I've come late to this article but I've enjoyed it but haven't had time to read all the comments so I might be repeating someone.
I live in very rural America (500 in my town)--the next town five miles away has 600. There is Mass there once a week on Saturday afternoon--the priest has to come 20 miles over moutainous roads. We get about 35-45 at Mass. Very few young people, if any. I'm 74 and most people are my age or older. There were plenty of Catholics here and actually still are plenty of baptized Catholics--but few at Mass.
So as Wills says--the church is becoming irrelevant.
On Saturday mornings I go to the local United Church of Christ for a discussion of "Faith and Issues" with my many Protestant friends. They struggle with belief. I don't know why but I don't---like Wills, I guess, I'm just a believing Catholic but not a papal Catholic--really a "Mass Catholic".
I didn't catch in the article that he didn't beleive in the "real presense" as someone claimed. I do. I feel lucky in the liturgy--something I hang on to which also hangs on to me. My UCC friends don't have this.
Wills is at a place where lots of Catholics are, ignoring the bishops and the Pope. One of the reasons I ignore all these men is that they've ignored Catholics in the church---they promulgate all of their condemnations (wholly sexual) to abstractions.
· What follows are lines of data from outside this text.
definition simple_graph :: "'a set \<Rightarrow> 'a set set \<Rightarrow> bool" where
  "simple_graph V E \<longleftrightarrow> finite V \<and> (\<forall>e\<in>E. \<exists>u v. u \<noteq> v \<and> u \<in> V \<and> v \<in> V \<and> e = {u, v})"

definition vertex_cover :: "'a set \<Rightarrow> 'a set set \<Rightarrow> 'a set \<Rightarrow> bool" where
  "vertex_cover V E C \<longleftrightarrow> C \<subseteq> V \<and> (\<forall>e\<in>E. e \<inter> C \<noteq> {})"

definition vc :: "'a set \<Rightarrow> 'a set set \<Rightarrow> nat" where
  "vc V E = Min (card ` {C. vertex_cover V E C})"

definition edge_rel :: "'a set set \<Rightarrow> ('a \<times> 'a) set" where
  "edge_rel F = {(x, y). {x, y} \<in> F \<and> x \<noteq> y}"

definition comp :: "'a set \<Rightarrow> 'a set set \<Rightarrow> 'a \<Rightarrow> 'a set" where
  "comp V F u = {v \<in> V. (u, v) \<in> (edge_rel F)\<^sup>*}"

definition components :: "'a set \<Rightarrow> 'a set set \<Rightarrow> 'a set set" where
  "components V F = comp V F ` V"

definition connected_graph :: "'a set \<Rightarrow> 'a set set \<Rightarrow> bool" where
  "connected_graph V E \<longleftrightarrow> (\<forall>u\<in>V. \<forall>v\<in>V. (u, v) \<in> (edge_rel E)\<^sup>*)"

definition graph_rank :: "'a set \<Rightarrow> 'a set set \<Rightarrow> nat" where
  "graph_rank V E = card V - card (components V E)"

text \<open>Contraction G/F of an edge set F: each connected component of (V,F) becomes
  one vertex; two distinct new vertices are adjacent iff some edge of G joins them
  (no loops, no parallel edges).\<close>
definition contract_V :: "'a set \<Rightarrow> 'a set set \<Rightarrow> 'a set set" where
  "contract_V V F = components V F"

definition contract_E :: "'a set \<Rightarrow> 'a set set \<Rightarrow> 'a set set \<Rightarrow> 'a set set set" where
  "contract_E V E F = {{comp V F u, comp V F v} | u v. {u, v} \<in> E \<and> comp V F u \<noteq> comp V F v}"

text \<open>(G,k,d) is a Yes-instance of Contraction(vc): some F \<subseteq> E with |F| \<le> k
  and vc(G/F) \<le> vc(G) - d (integer arithmetic, written without subtraction).\<close>
definition contraction_vc_yes :: "'a set \<Rightarrow> 'a set set \<Rightarrow> nat \<Rightarrow> nat \<Rightarrow> bool" where
  "contraction_vc_yes V E k d \<longleftrightarrow>
     (\<exists>F. F \<subseteq> E \<and> card F \<le> k \<and> vc (contract_V V F) (contract_E V E F) + d \<le> vc V E)"

end

theory Submission
  imports Defs
begin

text \<open>If some F with |F| \<le> k < |V| - 1 achieves any decrease, (V,F) is disconnected,
  so an edge of the connected graph G survives in G/F and vc(G/F) \<ge> 1; hence d < vc(G).
  Conversely, let C be a minimum vertex cover with |C| > d. Since C covers a connected
  graph, every proper subset T of C with T \<noteq> {} has a vertex of C - T within distance two,
  so d + 1 vertices of C can be tied together by at most 2d \<le> k edges. Contracting these
  edges merges the d + 1 vertices into one, and the image of C is a vertex cover of G/F
  of size at most |C| - d.\<close>

definition connects :: "'a set set \<Rightarrow> 'a set \<Rightarrow> bool" where
  "connects F T \<longleftrightarrow> (\<forall>u\<in>T. \<forall>v\<in>T. (u, v) \<in> (edge_rel F)\<^sup>*)"

lemma sym_edge_rel: "sym (edge_rel F)"
  by (auto simp: sym_def edge_rel_def insert_commute)

lemma edge_rel_mono: "F \<subseteq> F' \<Longrightarrow> edge_rel F \<subseteq> edge_rel F'"
  by (auto simp: edge_rel_def)

lemma rtrancl_edge_rel_sym: "(x, y) \<in> (edge_rel F)\<^sup>* \<Longrightarrow> (y, x) \<in> (edge_rel F)\<^sup>*"
  by (meson sym_edge_rel sym_rtrancl symD)

lemma connects_mono: "F \<subseteq> F' \<Longrightarrow> connects F T \<Longrightarrow> connects F' T"
  unfolding connects_def by (meson edge_rel_mono rtrancl_mono subsetD)

lemma connects_insert:
  assumes "connects F T" "t \<in> T" "(t, c) \<in> (edge_rel F)\<^sup>*"
  shows "connects F (insert c T)"
proof -
  have "(u, c) \<in> (edge_rel F)\<^sup>*" if "u \<in> T" for u
    using assms that unfolding connects_def by (meson rtrancl_trans)
  then show ?thesis
    using assms(1) unfolding connects_def by (auto intro: rtrancl_edge_rel_sym)
qed

lemma comp_eq_if_connects:
  assumes "connects F T" "u \<in> T" "v \<in> T"
  shows "comp V F u = comp V F v"
  using assms unfolding connects_def comp_def by (blast intro: rtrancl_trans)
So finally good for Wills and good for Allen.
Dick Gaffney
Brother Gary, Sincere wishes
Brother Gary, Sincere wishes of grace and peace on this special day to you and your loved ones. The feast of the Immaculate Conception! Pray for our Mother, the Church upon earth, which rests securely in the Father's Isaiahian promise "..Fear not, for I have redeemed you; I have called you by name; you are mine". Once today is over , return to your Advent prayer and fasting with a glad heart; in anticipation of the Solemnity of Christmas ADESTE FIDELIS!... Grace and Peace with prayers always...
I do not know much about
I do not know much about Garry Wills. He appears to be a complex personality. I am a cradle Catholic who at times believes that many Catholic clerics have lost their moral compasses. I would not say that Wills has lost his moral compass but he does remind me of Catholic clerics who believe that they have all the answers and will not carry on dialogue with certain people.